◆ THE PROBLEM:
For the entries below, repeat exactly each line starting with the one that contains "a j) = Re z" and going on through the one that contains "using arg_cong[OF eq[OF that], of Im]", and no others.

DATA SHOWN: Begin

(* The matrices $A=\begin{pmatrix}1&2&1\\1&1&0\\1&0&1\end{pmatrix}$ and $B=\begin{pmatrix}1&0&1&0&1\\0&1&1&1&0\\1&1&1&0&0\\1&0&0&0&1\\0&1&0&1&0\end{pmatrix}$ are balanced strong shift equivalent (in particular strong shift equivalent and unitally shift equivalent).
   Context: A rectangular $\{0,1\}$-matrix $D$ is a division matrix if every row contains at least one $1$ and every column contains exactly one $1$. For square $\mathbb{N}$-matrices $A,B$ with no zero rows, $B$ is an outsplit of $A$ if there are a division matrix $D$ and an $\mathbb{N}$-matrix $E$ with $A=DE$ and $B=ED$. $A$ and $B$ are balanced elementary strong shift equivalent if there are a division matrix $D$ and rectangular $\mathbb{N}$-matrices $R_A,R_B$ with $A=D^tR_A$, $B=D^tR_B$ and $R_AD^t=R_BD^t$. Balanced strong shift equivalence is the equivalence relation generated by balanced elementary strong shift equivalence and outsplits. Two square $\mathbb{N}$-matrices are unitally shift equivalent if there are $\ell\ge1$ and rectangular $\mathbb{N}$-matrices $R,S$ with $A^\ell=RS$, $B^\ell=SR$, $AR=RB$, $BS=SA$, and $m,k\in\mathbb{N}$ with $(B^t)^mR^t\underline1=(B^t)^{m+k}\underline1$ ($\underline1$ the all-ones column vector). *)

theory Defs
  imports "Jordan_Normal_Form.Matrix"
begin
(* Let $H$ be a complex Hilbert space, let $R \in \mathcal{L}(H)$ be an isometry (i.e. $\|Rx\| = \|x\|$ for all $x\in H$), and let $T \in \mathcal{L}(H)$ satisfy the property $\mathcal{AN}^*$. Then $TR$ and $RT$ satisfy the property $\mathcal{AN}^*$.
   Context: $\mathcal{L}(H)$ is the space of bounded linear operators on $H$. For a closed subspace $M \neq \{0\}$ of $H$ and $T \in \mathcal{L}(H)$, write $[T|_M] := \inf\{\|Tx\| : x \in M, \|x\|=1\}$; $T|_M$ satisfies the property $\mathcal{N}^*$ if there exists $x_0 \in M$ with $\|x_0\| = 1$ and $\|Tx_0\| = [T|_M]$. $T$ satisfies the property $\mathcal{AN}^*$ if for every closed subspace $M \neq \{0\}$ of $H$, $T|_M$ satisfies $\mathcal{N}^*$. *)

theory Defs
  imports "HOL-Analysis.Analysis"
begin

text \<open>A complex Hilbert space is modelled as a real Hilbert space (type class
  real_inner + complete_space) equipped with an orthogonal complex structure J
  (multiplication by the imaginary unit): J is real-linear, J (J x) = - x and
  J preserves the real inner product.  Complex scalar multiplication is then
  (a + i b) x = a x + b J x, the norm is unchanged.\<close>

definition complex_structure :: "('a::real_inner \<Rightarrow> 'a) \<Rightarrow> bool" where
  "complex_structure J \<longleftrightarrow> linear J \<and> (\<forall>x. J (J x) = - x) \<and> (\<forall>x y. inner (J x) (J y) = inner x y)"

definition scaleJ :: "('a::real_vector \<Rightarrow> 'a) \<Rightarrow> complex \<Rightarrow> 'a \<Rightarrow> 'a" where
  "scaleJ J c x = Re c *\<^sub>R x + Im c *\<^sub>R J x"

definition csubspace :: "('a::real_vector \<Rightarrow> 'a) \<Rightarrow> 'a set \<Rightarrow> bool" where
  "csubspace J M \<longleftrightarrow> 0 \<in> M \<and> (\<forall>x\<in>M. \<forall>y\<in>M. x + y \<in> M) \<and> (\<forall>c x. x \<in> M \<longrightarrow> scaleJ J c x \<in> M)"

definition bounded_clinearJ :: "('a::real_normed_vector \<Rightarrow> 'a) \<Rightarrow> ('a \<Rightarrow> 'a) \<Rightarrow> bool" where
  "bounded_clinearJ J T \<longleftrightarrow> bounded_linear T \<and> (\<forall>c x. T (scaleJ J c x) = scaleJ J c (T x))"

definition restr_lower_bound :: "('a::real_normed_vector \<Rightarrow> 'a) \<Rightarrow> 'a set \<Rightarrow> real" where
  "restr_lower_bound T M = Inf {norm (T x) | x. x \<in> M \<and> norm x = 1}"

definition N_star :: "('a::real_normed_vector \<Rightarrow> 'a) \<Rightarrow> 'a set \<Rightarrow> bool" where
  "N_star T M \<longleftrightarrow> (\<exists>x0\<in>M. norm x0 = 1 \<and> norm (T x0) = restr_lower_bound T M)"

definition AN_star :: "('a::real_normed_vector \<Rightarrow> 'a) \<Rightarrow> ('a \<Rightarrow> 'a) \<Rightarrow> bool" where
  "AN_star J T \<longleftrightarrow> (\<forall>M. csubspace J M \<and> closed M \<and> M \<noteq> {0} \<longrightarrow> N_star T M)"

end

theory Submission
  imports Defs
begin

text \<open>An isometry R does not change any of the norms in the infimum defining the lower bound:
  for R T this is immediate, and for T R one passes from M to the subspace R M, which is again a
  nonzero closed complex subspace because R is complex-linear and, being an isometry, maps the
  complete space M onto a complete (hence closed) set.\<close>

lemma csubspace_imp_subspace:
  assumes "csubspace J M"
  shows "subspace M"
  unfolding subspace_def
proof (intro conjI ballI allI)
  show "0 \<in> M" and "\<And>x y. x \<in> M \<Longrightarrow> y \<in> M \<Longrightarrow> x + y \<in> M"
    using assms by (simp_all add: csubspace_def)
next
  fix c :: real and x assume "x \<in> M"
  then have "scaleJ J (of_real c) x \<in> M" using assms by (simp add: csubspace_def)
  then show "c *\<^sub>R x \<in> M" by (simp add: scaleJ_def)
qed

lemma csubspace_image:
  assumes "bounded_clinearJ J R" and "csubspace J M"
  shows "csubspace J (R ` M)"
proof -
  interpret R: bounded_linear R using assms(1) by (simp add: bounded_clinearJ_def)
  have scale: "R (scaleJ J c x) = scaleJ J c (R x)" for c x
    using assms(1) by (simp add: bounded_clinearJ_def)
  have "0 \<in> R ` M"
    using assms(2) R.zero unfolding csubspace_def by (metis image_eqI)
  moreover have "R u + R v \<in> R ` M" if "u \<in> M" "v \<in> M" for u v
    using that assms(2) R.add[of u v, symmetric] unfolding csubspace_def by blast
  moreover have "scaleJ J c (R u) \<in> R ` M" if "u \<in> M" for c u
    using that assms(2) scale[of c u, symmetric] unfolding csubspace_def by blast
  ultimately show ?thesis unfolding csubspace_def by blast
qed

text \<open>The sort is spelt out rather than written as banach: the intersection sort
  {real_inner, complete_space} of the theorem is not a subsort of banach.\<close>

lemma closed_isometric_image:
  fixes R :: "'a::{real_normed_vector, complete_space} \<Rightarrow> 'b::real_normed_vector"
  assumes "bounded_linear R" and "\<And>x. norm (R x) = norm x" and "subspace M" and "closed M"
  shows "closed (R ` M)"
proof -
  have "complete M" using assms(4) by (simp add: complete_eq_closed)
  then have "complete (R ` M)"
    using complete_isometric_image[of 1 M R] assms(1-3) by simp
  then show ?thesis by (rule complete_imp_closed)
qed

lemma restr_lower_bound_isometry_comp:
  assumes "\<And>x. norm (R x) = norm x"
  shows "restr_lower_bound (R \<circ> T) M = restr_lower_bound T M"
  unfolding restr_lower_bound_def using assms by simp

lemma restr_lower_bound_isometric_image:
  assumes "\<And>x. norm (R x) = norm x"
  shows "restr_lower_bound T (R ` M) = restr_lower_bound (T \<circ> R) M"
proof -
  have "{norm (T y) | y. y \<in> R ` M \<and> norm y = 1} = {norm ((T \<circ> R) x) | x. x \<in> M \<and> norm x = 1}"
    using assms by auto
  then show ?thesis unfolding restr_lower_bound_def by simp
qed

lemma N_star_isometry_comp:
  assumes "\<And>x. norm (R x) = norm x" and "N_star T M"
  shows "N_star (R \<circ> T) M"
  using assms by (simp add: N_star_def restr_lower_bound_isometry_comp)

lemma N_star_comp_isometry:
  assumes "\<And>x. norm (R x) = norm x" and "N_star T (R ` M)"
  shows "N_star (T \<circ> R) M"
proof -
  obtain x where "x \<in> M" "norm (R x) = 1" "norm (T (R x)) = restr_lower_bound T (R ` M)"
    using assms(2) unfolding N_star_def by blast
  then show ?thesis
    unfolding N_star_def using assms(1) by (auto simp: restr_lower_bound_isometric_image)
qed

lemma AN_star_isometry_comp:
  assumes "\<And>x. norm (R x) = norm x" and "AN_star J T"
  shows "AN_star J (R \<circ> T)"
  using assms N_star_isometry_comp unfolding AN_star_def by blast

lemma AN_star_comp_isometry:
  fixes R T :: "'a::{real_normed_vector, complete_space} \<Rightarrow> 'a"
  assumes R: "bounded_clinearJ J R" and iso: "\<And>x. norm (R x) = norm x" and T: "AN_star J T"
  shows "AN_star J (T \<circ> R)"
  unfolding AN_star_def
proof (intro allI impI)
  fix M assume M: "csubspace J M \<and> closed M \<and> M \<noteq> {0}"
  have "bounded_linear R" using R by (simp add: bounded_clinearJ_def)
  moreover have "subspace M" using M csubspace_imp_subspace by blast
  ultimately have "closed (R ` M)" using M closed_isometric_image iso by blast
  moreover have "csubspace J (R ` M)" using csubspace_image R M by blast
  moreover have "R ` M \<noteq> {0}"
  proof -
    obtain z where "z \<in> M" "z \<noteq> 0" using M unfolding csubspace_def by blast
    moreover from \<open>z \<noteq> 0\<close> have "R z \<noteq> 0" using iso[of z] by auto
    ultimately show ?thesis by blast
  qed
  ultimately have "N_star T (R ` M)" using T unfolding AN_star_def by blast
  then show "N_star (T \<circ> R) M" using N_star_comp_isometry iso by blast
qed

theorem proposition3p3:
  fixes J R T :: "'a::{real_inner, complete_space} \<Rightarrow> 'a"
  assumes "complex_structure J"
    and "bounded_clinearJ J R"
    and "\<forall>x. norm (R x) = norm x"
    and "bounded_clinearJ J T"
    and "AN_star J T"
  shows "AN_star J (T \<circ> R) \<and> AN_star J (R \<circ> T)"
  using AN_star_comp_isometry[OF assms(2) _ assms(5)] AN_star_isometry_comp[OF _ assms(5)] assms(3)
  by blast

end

DATA SHOWN: End
DATA SHOWN: Begin

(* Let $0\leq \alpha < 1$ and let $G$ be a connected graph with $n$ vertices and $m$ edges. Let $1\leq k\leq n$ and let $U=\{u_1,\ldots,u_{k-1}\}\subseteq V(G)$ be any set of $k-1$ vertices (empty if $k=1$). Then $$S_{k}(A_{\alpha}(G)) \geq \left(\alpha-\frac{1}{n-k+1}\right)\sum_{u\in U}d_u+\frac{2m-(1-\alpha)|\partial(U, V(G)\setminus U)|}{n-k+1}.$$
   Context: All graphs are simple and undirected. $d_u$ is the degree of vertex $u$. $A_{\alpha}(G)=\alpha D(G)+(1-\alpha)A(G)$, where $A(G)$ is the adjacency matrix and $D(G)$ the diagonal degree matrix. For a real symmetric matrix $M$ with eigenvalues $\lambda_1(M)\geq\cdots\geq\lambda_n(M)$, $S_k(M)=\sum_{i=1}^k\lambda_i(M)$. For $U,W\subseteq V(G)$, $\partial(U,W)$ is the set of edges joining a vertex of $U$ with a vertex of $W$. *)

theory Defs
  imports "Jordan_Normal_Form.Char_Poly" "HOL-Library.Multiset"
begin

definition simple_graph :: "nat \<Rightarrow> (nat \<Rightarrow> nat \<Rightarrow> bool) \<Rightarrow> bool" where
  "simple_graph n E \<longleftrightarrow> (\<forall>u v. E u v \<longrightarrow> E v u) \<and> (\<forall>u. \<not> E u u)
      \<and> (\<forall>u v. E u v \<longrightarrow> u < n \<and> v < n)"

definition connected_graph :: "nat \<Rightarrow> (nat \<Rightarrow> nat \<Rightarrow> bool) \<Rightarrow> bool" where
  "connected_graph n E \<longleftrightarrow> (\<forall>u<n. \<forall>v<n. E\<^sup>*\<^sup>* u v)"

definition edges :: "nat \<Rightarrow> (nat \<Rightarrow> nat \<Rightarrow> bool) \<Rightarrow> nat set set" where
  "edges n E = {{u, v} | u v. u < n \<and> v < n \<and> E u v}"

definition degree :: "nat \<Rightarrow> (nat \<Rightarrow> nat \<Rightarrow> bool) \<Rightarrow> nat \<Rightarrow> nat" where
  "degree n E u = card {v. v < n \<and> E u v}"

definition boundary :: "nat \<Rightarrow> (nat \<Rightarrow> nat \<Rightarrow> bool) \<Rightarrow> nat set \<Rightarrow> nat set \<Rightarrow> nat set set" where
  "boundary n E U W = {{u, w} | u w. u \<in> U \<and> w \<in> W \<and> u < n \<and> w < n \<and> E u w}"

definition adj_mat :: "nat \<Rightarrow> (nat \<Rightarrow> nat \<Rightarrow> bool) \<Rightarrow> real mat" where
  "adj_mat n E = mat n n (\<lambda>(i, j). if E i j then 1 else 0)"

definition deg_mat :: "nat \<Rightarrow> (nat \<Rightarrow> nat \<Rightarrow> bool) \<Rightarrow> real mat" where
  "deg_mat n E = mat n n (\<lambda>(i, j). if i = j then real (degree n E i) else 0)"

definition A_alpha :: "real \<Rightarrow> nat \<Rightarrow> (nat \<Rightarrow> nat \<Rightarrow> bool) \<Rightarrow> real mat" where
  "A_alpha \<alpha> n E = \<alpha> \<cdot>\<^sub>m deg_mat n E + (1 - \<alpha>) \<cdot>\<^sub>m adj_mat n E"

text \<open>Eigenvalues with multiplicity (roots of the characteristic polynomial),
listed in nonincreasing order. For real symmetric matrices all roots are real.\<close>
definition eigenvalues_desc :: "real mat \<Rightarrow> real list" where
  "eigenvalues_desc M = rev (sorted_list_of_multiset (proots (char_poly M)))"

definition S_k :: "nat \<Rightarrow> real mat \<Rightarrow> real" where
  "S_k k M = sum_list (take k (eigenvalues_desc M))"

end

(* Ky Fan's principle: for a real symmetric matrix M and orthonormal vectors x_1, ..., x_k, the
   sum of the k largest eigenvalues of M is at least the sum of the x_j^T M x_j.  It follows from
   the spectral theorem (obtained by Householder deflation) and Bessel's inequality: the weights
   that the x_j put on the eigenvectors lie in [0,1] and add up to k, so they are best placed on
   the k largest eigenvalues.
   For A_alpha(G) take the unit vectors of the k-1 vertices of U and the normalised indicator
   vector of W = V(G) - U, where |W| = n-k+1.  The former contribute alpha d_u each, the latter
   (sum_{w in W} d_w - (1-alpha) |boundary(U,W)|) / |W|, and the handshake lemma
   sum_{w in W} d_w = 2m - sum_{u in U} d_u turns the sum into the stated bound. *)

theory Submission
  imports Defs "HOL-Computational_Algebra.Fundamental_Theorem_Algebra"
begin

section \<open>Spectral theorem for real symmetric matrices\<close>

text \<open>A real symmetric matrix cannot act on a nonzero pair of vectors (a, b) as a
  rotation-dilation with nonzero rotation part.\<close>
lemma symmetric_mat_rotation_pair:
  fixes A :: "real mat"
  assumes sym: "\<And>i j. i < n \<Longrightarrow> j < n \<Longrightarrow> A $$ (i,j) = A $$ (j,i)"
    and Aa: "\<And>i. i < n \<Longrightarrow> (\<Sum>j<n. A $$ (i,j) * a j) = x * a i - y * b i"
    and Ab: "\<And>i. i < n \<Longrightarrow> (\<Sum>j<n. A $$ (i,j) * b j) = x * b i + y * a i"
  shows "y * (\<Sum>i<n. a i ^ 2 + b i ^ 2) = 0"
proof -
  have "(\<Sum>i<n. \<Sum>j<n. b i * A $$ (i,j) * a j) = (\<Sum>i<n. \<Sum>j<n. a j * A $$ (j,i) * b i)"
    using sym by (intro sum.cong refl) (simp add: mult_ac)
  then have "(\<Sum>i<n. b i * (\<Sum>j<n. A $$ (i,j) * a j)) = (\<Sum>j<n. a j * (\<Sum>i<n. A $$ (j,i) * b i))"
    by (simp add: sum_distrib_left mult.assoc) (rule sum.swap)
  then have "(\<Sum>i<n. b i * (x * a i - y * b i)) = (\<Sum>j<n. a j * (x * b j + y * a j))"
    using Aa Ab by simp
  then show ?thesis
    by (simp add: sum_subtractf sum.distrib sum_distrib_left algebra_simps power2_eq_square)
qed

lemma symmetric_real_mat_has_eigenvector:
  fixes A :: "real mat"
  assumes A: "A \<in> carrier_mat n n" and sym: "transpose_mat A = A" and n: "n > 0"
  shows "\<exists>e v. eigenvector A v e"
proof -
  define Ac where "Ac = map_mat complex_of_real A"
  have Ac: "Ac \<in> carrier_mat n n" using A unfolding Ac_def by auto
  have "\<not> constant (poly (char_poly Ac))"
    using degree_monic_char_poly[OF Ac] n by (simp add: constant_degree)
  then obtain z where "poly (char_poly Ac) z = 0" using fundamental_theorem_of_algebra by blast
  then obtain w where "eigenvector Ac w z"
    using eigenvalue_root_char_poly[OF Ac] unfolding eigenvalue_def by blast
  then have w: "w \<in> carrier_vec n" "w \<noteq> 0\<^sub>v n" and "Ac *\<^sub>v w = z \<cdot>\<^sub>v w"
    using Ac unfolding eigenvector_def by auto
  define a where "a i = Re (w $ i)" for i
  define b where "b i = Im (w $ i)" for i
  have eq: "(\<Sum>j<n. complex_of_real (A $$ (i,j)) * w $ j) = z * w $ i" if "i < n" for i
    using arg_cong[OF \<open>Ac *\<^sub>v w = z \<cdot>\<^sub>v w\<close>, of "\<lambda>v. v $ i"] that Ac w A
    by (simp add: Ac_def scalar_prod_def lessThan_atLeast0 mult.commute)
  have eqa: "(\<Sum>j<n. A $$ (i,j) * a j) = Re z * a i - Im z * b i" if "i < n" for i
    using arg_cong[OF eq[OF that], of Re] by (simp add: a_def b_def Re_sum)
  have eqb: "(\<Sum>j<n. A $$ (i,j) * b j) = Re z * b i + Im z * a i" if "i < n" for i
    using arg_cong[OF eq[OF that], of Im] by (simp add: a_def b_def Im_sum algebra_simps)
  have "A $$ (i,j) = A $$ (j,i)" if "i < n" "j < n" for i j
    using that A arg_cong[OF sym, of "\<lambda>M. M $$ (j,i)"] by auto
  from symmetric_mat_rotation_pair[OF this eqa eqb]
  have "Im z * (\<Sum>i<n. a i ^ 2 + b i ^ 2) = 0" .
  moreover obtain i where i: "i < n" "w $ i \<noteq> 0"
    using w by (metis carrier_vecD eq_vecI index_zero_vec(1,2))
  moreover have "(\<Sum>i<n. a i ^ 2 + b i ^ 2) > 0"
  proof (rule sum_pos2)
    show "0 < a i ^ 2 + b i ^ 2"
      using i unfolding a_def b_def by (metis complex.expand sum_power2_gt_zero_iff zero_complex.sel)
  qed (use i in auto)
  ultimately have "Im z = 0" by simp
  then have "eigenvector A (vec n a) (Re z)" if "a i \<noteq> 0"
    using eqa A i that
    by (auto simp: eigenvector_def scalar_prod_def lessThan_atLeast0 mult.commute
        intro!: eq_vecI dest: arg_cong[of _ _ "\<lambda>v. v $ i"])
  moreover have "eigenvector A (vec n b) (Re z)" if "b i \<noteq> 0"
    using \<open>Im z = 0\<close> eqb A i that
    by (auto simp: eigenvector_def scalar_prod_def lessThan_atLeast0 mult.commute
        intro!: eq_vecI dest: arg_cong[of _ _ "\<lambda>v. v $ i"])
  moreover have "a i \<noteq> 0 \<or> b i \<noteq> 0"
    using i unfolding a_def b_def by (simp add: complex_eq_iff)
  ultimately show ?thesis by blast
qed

DATA SHOWN: End

◆ ANSWER TO THIS TASK:
  have eqa: "(\<Sum>j<n. A $$ (i,j) * a j) = Re z * a i - Im z * b i" if "i < n" for i
    using arg_cong[OF eq[OF that], of Re] by (simp add: a_def b_def Re_sum)
  have eqb: "(\<Sum>j<n. A $$ (i,j) * b j) = Re z * b i + Im z * a i" if "i < n" for i
    using arg_cong[OF eq[OF that], of Im] by (simp add: a_def b_def Im_sum algebra_simps)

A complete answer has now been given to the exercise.